Alternately you can type:

In [9]:
def test_output_read_csv_file():
    year, temperature, rainfall, mosquitos = plot_temperature.read_csv_file('mosquito_data_A1.csv')
    assert (year == np.array([2001, 2002, 2003, 2004, 2005, 2006, 2007, 2008, 2009, 2010])).all()
In [10]:
test_output_read_csv_file()

This test actually tests that given known input we get out what we expect.

Challenge

Write a test for convert_fahrenheit_to_celsius

Solution

In [13]:
def test_convert_fahrenheit_to_celsius():
    temp_c = plot_temperature.convert_fahrenheit_to_celsius(32)
    assert temp_c == 0, '32F != 0C'
In [14]:
test_convert_fahrenheit_to_celsius()

Testing inputs

Sometimes you may want to test that a user gave you the right input. For instance in read_csv_file you may want to test that what is passed in is a string. This often needs to be done in the code.

In [22]:
def read_csv_file(filename):
    '''
    This code will read in a CSV file of year, temperature, rainfall, and number of mosquitos and return 4 arrays, one for each column
    '''
    assert type(filename) is str, 'filename must be a string'
    year, temperature, rainfall, mosquitos = np.genfromtxt(filename, skiprows = 1, delimiter = ',', unpack = True)
    return year, temperature, rainfall, mosquitos
In [24]:
read_csv_file('mosquito_data_A1.csv')
Out[24]:
(array([ 2001.,  2002.,  2003.,  2004.,  2005.,  2006.,  2007.,  2008.,
        2009.,  2010.]),
 array([ 87.,  72.,  77.,  89.,  88.,  89.,  71.,  88.,  85.,  75.]),
 array([ 222.,  103.,  176.,  236.,  283.,  151.,  121.,  267.,  211.,  101.]),
 array([ 198.,  105.,  166.,  210.,  242.,  147.,  117.,  232.,  191.,  106.]))
In [25]:
def read_csv_file(filename):
    '''
    This code will read in a CSV file of year, temperature, rainfall, and number of mosquitos and return 4 arrays, one for each column
    '''
    assert isinstance(filename, str), 'filename must be a string'
    year, temperature, rainfall, mosquitos = np.genfromtxt(filename, skiprows = 1, delimiter = ',', unpack = True)
    return year, temperature, rainfall, mosquitos
In [26]:
read_csv_file('mosquito_data_A1.csv')
Out[26]:
(array([ 2001.,  2002.,  2003.,  2004.,  2005.,  2006.,  2007.,  2008.,
        2009.,  2010.]),
 array([ 87.,  72.,  77.,  89.,  88.,  89.,  71.,  88.,  85.,  75.]),
 array([ 222.,  103.,  176.,  236.,  283.,  151.,  121.,  267.,  211.,  101.]),
 array([ 198.,  105.,  166.,  210.,  242.,  147.,  117.,  232.,  191.,  106.]))

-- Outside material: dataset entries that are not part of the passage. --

lemma orbit_average_difference_le:
  assumes W: "window_variation_less f W e" and B: "\<And>z. \<bar>f z\<bar> \<le> B"
    and "x \<le> x'" "0 \<le> e"
  shows "\<bar>orbit_average L f x' - orbit_average L f x\<bar>
    \<le> e + 2 * B * (2 * real W + 1) * (orbit_average L (\<lambda>z. of_bool (z 0)) x'
        - orbit_average L (\<lambda>z. of_bool (z 0)) x + 2 * real W / real L)"
proof (cases "L = 0")
  case True
  then show ?thesis
    using \<open>0 \<le> e\<close> by (simp add: orbit_average_def)
next
  case False
  define D where "D m = of_bool (x' m) - (of_bool (x m) :: real)" for m
  have D: "0 \<le> D m" "D m \<le> 1" for m
    using \<open>x \<le> x'\<close> by (auto simp: D_def le_fun_def)
  have "0 \<le> B"
    using B[of undefined] by linarith
  define S where "S = (\<Sum>n\<in>{1..L}. D (int n))"
  have "\<bar>(\<Sum>n\<in>{1..L}. f (shift_by (int n) x')) - (\<Sum>n\<in>{1..L}. f (shift_by (int n) x))\<bar>
      \<le> (\<Sum>n\<in>{1..L}. \<bar>f (shift_by (int n) x') - f (shift_by (int n) x)\<bar>)"
    by (simp add: sum_subtractf[symmetric] sum_abs)
  also have "\<dots> \<le> (\<Sum>n\<in>{1..L}. e + 2 * B * (\<Sum>j\<in>{- int W..int W}. D (int n + j)))"
    using shift_difference_le[OF W B \<open>x \<le> x'\<close> \<open>0 \<le> e\<close>] by (intro sum_mono) (simp add: D_def)
  also have "\<dots> = real L * e + 2 * B * (\<Sum>j\<in>{- int W..int W}. \<Sum>n\<in>{1..L}. D (int n + j))"
    by (simp add: sum.distrib sum_distrib_left sum.swap[of _ "{- int W..int W}"])
  also have "\<dots> \<le> real L * e + 2 * B * (\<Sum>j\<in>{- int W..int W}. S + 2 * real W)"
    unfolding S_def using \<open>0 \<le> B\<close> D
    by (intro add_left_mono mult_left_mono sum_mono sum_shift_le) (auto simp: abs_le_iff)
  also have "\<dots> = real L * e + 2 * B * (2 * real W + 1) * (S + 2 * real W)"
    by simp
  finally have "\<bar>orbit_average L f x' - orbit_average L f x\<bar>
      \<le> (real L * e + 2 * B * (2 * real W + 1) * (S + 2 * real W)) / real L"
    by (simp add: orbit_average_def diff_divide_distrib[symmetric] abs_divide divide_right_mono)
  also have "\<dots> = e + 2 * B * (2 * real W + 1) * (S / real L + 2 * real W / real L)"
    using False by (simp add: field_simps)
  also have "S / real L = orbit_average L (\<lambda>z. of_bool (z 0)) x' - orbit_average L (\<lambda>z. of_bool (z 0)) x"
    by (simp add: S_def D_def orbit_average_of_bool_coordinate sum_subtractf diff_divide_distrib)
  finally show ?thesis .
qed
(* Let $\Gamma_i\in\mathbb{R}^{m\times m}$ with $\|\Gamma_i\|_2\le1$ for all $i\in[n]$, where $\|\cdot\|_2$ is the matrix operator norm. Let $\mathbf{P}\in\mathbb{R}^{nm\times nm}$ have $n^2$ blocks such that the $(i,j)$th block is $\Gamma_i\Gamma_j^\top$ if $i\ne j$, and $I$ otherwise. Then $\mathbf{P}\succeq0$ and $\|\mathbf{P}\|_*\le mn$, where $\|\cdot\|_*$ denotes the nuclear norm. *)

theory Defs
  imports Complex_Main "Jordan_Normal_Form.Char_Poly" "HOL-Computational_Algebra.Polynomial"
begin

definition euclid_norm :: "real vec \<Rightarrow> real" where
  "euclid_norm v = sqrt (\<Sum>i<dim_vec v. (v $ i)^2)"

definition op_norm2 :: "real mat \<Rightarrow> real" where
  "op_norm2 A = Sup {euclid_norm (A *\<^sub>v x) | x. x \<in> carrier_vec (dim_col A) \<and> euclid_norm x \<le> 1}"

text \<open>Singular values (with multiplicity): square roots of the eigenvalues of A^T A,
  i.e. of the roots of its characteristic polynomial.\<close>
definition singular_values :: "real mat \<Rightarrow> real multiset" where
  "singular_values A = image_mset sqrt (proots (char_poly (transpose_mat A * A)))"

definition nuclear_norm :: "real mat \<Rightarrow> real" where
  "nuclear_norm A = sum_mset (singular_values A)"

definition psd :: "real mat \<Rightarrow> bool" where
  "psd P \<longleftrightarrow> P \<in> carrier_mat (dim_row P) (dim_row P) \<and> transpose_mat P = P \<and>
     (\<forall>x \<in> carrier_vec (dim_row P). x \<bullet> (P *\<^sub>v x) \<ge> 0)"

text \<open>The nm x nm block matrix whose (i,j) block (0-based, i,j < n) is
  Gamma_i Gamma_j^T for i \<noteq> j and the m x m identity for i = j.\<close>
definition block_P :: "nat \<Rightarrow> nat \<Rightarrow> (nat \<Rightarrow> real mat) \<Rightarrow> real mat" where
  "block_P n m \<Gamma> = mat (n*m) (n*m) (\<lambda>(r,c).
     let i = r div m; a = r mod m; j = c div m; b = c mod m in
     if i = j then (1\<^sub>m m) $$ (a,b) else (\<Gamma> i * transpose_mat (\<Gamma> j)) $$ (a,b))"

end

theory Submission
  imports Defs "Jordan_Normal_Form.Schur_Decomposition"
begin

(* Let S be the nm x m matrix obtained by stacking Gamma_1, ..., Gamma_n on top of each other.
   Then P = S S^T + diag(I - Gamma_1 Gamma_1^T, ..., I - Gamma_n Gamma_n^T), and both summands
   are positive semidefinite, the second one because ||Gamma_i^T|| = ||Gamma_i|| <= 1.
   For a positive semidefinite matrix A the singular values are the eigenvalues: a Schur
   triangularisation A = Q B Q^-1 turns A^T A = A^2 into Q B^2 Q^-1, whose characteristic
   polynomial has the squared eigenvalues as roots. Hence the nuclear norm of P is its trace,
   which is nm because all diagonal blocks of P are identities. *)

section \<open>Positive semidefinite matrices\<close>

lemma scalar_prod_self_nonneg:
  fixes v :: "real vec"
  shows "0 \<le> v \<bullet> v"
  using conjugate_square_ge_0_vec[of v] by simp

lemma psdI:
  assumes "P \<in> carrier_mat n n" and "transpose_mat P = P"
    and "\<And>x. x \<in> carrier_vec n \<Longrightarrow> 0 \<le> x \<bullet> (P *\<^sub>v x)"
  shows "psd P"
  using assms unfolding psd_def by auto

lemma psdD:
  assumes "psd P"
  shows "dim_col P = dim_row P" and "transpose_mat P = P"
    and "\<And>x. x \<in> carrier_vec (dim_row P) \<Longrightarrow> 0 \<le> x \<bullet> (P *\<^sub>v x)"
  using assms unfolding psd_def by auto

lemma psd_add:
  assumes A: "psd A" and B: "psd B" and dim: "dim_row B = dim_row A"
  shows "psd (A + B)"
proof -
  define n where "n = dim_row A"
  have carr: "A \<in> carrier_mat n n" "B \<in> carrier_mat n n"
    using psdD(1)[OF A] psdD(1)[OF B] dim unfolding n_def carrier_mat_def by simp_all
  show ?thesis
  proof (rule psdI)
    show "A + B \<in> carrier_mat n n"
      using carr by simp
    show "transpose_mat (A + B) = A + B"
      using carr psdD(2)[OF A] psdD(2)[OF B] by (simp add: transpose_add)
    fix x :: "real vec" assume x: "x \<in> carrier_vec n"
    have "x \<bullet> ((A + B) *\<^sub>v x) = x \<bullet> (A *\<^sub>v x) + x \<bullet> (B *\<^sub>v x)"
      unfolding add_mult_distrib_mat_vec[OF carr x]
      by (rule scalar_prod_add_distrib[OF x]) (use carr x in auto)
    then show "0 \<le> x \<bullet> ((A + B) *\<^sub>v x)"
      using psdD(3)[OF A] psdD(3)[OF B] x dim unfolding n_def by simp
  qed
qed

lemma psd_mult_transpose:
  fixes S :: "real mat"
  assumes S: "S \<in> carrier_mat n k"
  shows "psd (S * transpose_mat S)"
proof (rule psdI)
  show "S * transpose_mat S \<in> carrier_mat n n"
    using S by simp
  show "transpose_mat (S * transpose_mat S) = S * transpose_mat S"
    using S by (simp add: transpose_mult[of _ n k])
  fix x :: "real vec" assume x: "x \<in> carrier_vec n"
  have "x \<bullet> (S * transpose_mat S *\<^sub>v x) = x \<bullet> (S *\<^sub>v (transpose_mat S *\<^sub>v x))"
    using S x by simp
  also have "\<dots> = (transpose_mat S *\<^sub>v x) \<bullet> (transpose_mat S *\<^sub>v x)"
    using S x by (intro transpose_vec_mult_scalar[symmetric]) auto
  finally show "0 \<le> x \<bullet> (S * transpose_mat S *\<^sub>v x)"
    by (simp add: scalar_prod_self_nonneg)
qed

lemma psd_eigenvalue_nonneg:
  assumes psd: "psd A" and ev: "eigenvalue A l"
  shows "l \<ge> 0"
proof -
  obtain x where x: "x \<in> carrier_vec (dim_row A)" "x \<noteq> 0\<^sub>v (dim_row A)"
    and Ax: "A *\<^sub>v x = l \<cdot>\<^sub>v x"
    using ev unfolding eigenvalue_def eigenvector_def by auto
  have "0 \<le> x \<bullet> (A *\<^sub>v x)"
    using psdD(3)[OF psd x(1)] .
  also have "\<dots> = l * (x \<bullet> x)"
    using x by (simp add: Ax)
  finally show ?thesis
    using conjugate_square_greater_0_vec[OF x(1)] x(2) by (simp add: zero_le_mult_iff)
qed

section \<open>Nuclear norm of positive semidefinite matrices\<close>

definition trace :: "'a::comm_ring_1 mat \<Rightarrow> 'a" where
  "trace A = (\<Sum>i<dim_row A. A $$ (i,i))"

lemma trace_mult_comm:
  fixes X Y :: "'a::comm_ring_1 mat"
  assumes "X \<in> carrier_mat n k" "Y \<in> carrier_mat k n"
  shows "trace (X * Y) = trace (Y * X)"
proof -
  have "trace (X * Y) = (\<Sum>i<n. \<Sum>j<k. X $$ (i,j) * Y $$ (j,i))"
    using assms unfolding trace_def by (intro sum.cong) (auto simp: scalar_prod_def lessThan_atLeast0)
  also have "\<dots> = (\<Sum>j<k. \<Sum>i<n. Y $$ (j,i) * X $$ (i,j))"
    by (subst sum.swap) (simp add: mult.commute)
  also have "\<dots> = trace (Y * X)"
    using assms unfolding trace_def by (intro sum.cong) (auto simp: scalar_prod_def lessThan_atLeast0)
  finally show ?thesis .
qed

lemma trace_similar_mat_wit:
  fixes A B :: "'a::comm_ring_1 mat"
  assumes A: "A \<in> carrier_mat n n" and wit: "similar_mat_wit A B P Q"
  shows "trace A = trace B"
proof -
  note W = similar_mat_witD2[OF A wit]
  have "trace A = trace ((P * B) * Q)" using W by simp
  also have "\<dots> = trace (Q * (P * B))" using W by (intro trace_mult_comm) auto
  also have "Q * (P * B) = B" using W by (simp add: assoc_mult_mat[symmetric, of Q n n P n B n])
  finally show ?thesis .
qed

lemma upper_triangular_mult:
  fixes B C :: "'a::semiring_0 mat"
  assumes B: "B \<in> carrier_mat n n" "upper_triangular B"
    and C: "C \<in> carrier_mat n n" "upper_triangular C"
  shows "upper_triangular (B * C)"
    and "i < n \<Longrightarrow> (B * C) $$ (i,i) = B $$ (i,i) * C $$ (i,i)"
proof -
  have entry: "(B * C) $$ (i,j) = (\<Sum>k<n. B $$ (i,k) * C $$ (k,j))" if "i < n" "j < n" for i j
    using B C that by (auto simp: scalar_prod_def lessThan_atLeast0)
  have B0: "B $$ (i,k) = 0" and C0: "C $$ (i,k) = 0" if "k < i" "i < n" for i k
    using B C that by auto
  show "upper_triangular (B * C)"
  proof (rule upper_triangularI)
    fix i j assume "i < dim_row (B * C)" and ji: "j < i"
    then have i: "i < n" using B by simp
    have "B $$ (i,k) * C $$ (k,j) = 0" if "k < n" for k
      using B0 C0 i ji that by (cases "k < i") auto
    then show "(B * C) $$ (i,j) = 0" using i ji by (simp add: entry)
  qed
  show "(B * C) $$ (i,i) = B $$ (i,i) * C $$ (i,i)" if i: "i < n"
  proof -
    have "(\<Sum>k<n. B $$ (i,k) * C $$ (k,i)) = (\<Sum>k<n. if k = i then B $$ (i,i) * C $$ (i,i) else 0)"
      using B0 C0 i by (intro sum.cong) (auto simp: linorder_neq_iff)
    then show ?thesis using i by (simp add: entry)
  qed
qed

lemma conjugate_mult_mat_vec_of_real:
  fixes A :: "real mat" and v :: "complex vec"
  assumes "A \<in> carrier_mat nr nc" and "v \<in> carrier_vec nc"
  shows "conjugate (map_mat complex_of_real A *\<^sub>v v) = map_mat complex_of_real A *\<^sub>v conjugate v"
  using assms by (intro eq_vecI) (auto simp: scalar_prod_def sum_conjugate conjugate_dist_mul)

lemma eigenvalue_of_real_symmetric_real:
  fixes A :: "real mat"
  assumes A: "A \<in> carrier_mat n n" and sym: "transpose_mat A = A"
    and ev: "eigenvalue (map_mat complex_of_real A) e"
  shows "e \<in> \<real>"
proof -
  let ?A = "map_mat complex_of_real A"
  obtain v where v: "v \<in> carrier_vec n" "v \<noteq> 0\<^sub>v n" and Av: "?A *\<^sub>v v = e \<cdot>\<^sub>v v"
    using ev A unfolding eigenvalue_def eigenvector_def by auto
  have symA: "transpose_mat ?A = ?A"
    using sym by (simp add: map_mat_transpose)
  have "e * (v \<bullet>c v) = (?A *\<^sub>v v) \<bullet>c v"
    using v by (simp add: Av)
  also have "\<dots> = (transpose_mat ?A *\<^sub>v v) \<bullet> conjugate v"
    by (simp add: symA)
  also have "\<dots> = v \<bullet>c (?A *\<^sub>v v)"
    using A v by (simp add: transpose_vec_mult_scalar[of _ n n] conjugate_mult_mat_vec_of_real)
  also have "\<dots> = cnj e * (v \<bullet>c v)"
    using v by (simp add: Av conjugate_smult_vec)
  finally have "(e - cnj e) * (v \<bullet>c v) = 0"
    by (simp add: algebra_simps)
  moreover have "v \<bullet>c v \<noteq> 0"
    using v by simp
  ultimately show ?thesis
    by (simp add: Reals_cnj_iff)
qed

lemma char_poly_real_symmetric_splits:
  fixes A :: "real mat"
  assumes A: "A \<in> carrier_mat n n" and sym: "transpose_mat A = A"
  obtains ls where "char_poly A = (\<Prod>l\<leftarrow>ls. [:- l, 1:])"
proof -
  let ?A = "map_mat complex_of_real A"
  interpret of_real_poly: map_poly_inj_comm_ring_hom complex_of_real ..
  obtain es where es: "char_poly ?A = (\<Prod>e\<leftarrow>es. [:- e, 1:])"
    using char_poly_factorized A by (metis map_carrier_mat)
  have real: "e \<in> \<real>" if "e \<in> set es" for e
  proof -
    have "poly (char_poly ?A) e = 0"
      using that by (simp add: es poly_prod_list)
    then show ?thesis
      using A sym eigenvalue_root_char_poly[of ?A n] eigenvalue_of_real_symmetric_real by auto
  qed
  define ls where "ls = map Re es"
  have "es = map complex_of_real ls"
    unfolding ls_def using real by (induction es) auto
  then have "map_poly complex_of_real (char_poly A)
      = map_poly complex_of_real (\<Prod>l\<leftarrow>ls. [:- l, 1:])"
    by (simp add: of_real_hom.char_poly_hom[OF A, symmetric] es of_real_poly.hom_prod_list o_def)
  then show ?thesis
    using of_real_poly.injectivity that by blast
qed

What if our statement is not true

In [27]:
read_csv_file(4)
---------------------------------------------------------------------------
AssertionError                            Traceback (most recent call last)
<ipython-input-27-946ff756682b> in <module>()
----> 1 read_csv_file(4)

<ipython-input-25-75f92f4ed7c9> in read_csv_file(filename)
      3     This code will read in a CSV file of year, temperature, rainfall, and number of mosquitos and return 4 arrays, one for each column
      4     '''
----> 5     assert isinstance(filename, str), 'filename must be a string'
      6     year, temperature, rainfall, mosquitos = np.genfromtxt(filename, skiprows = 1, delimiter = ',', unpack = True)
      7     return year, temperature, rainfall, mosquitos

AssertionError: filename must be a string

Challenge

write a function which tests the input of convert_fahrenheit_to_celsius()

Solution

In [29]:
def convert_fahrenheit_to_celsius(temp_in_f):
    '''
    This code will convert an array of tempertures from fahrenheit to celsius
    '''
    assert isinstance(temp_in_f, float) or isinstance(temp_in_f, int), 'temperature must be an int or float'
    temp_in_c = (temp_in_f - 32) * 5 / 9.0
    return temp_in_c
In [32]:
convert_fahrenheit_to_celsius(4)
convert_fahrenheit_to_celsius(10.)
convert_fahrenheit_to_celsius('a')
---------------------------------------------------------------------------
AssertionError                            Traceback (most recent call last)
<ipython-input-32-05c4afff0b4d> in <module>()
      1 convert_fahrenheit_to_celsius(4)
      2 convert_fahrenheit_to_celsius(10.)
----> 3 convert_fahrenheit_to_celsius('a')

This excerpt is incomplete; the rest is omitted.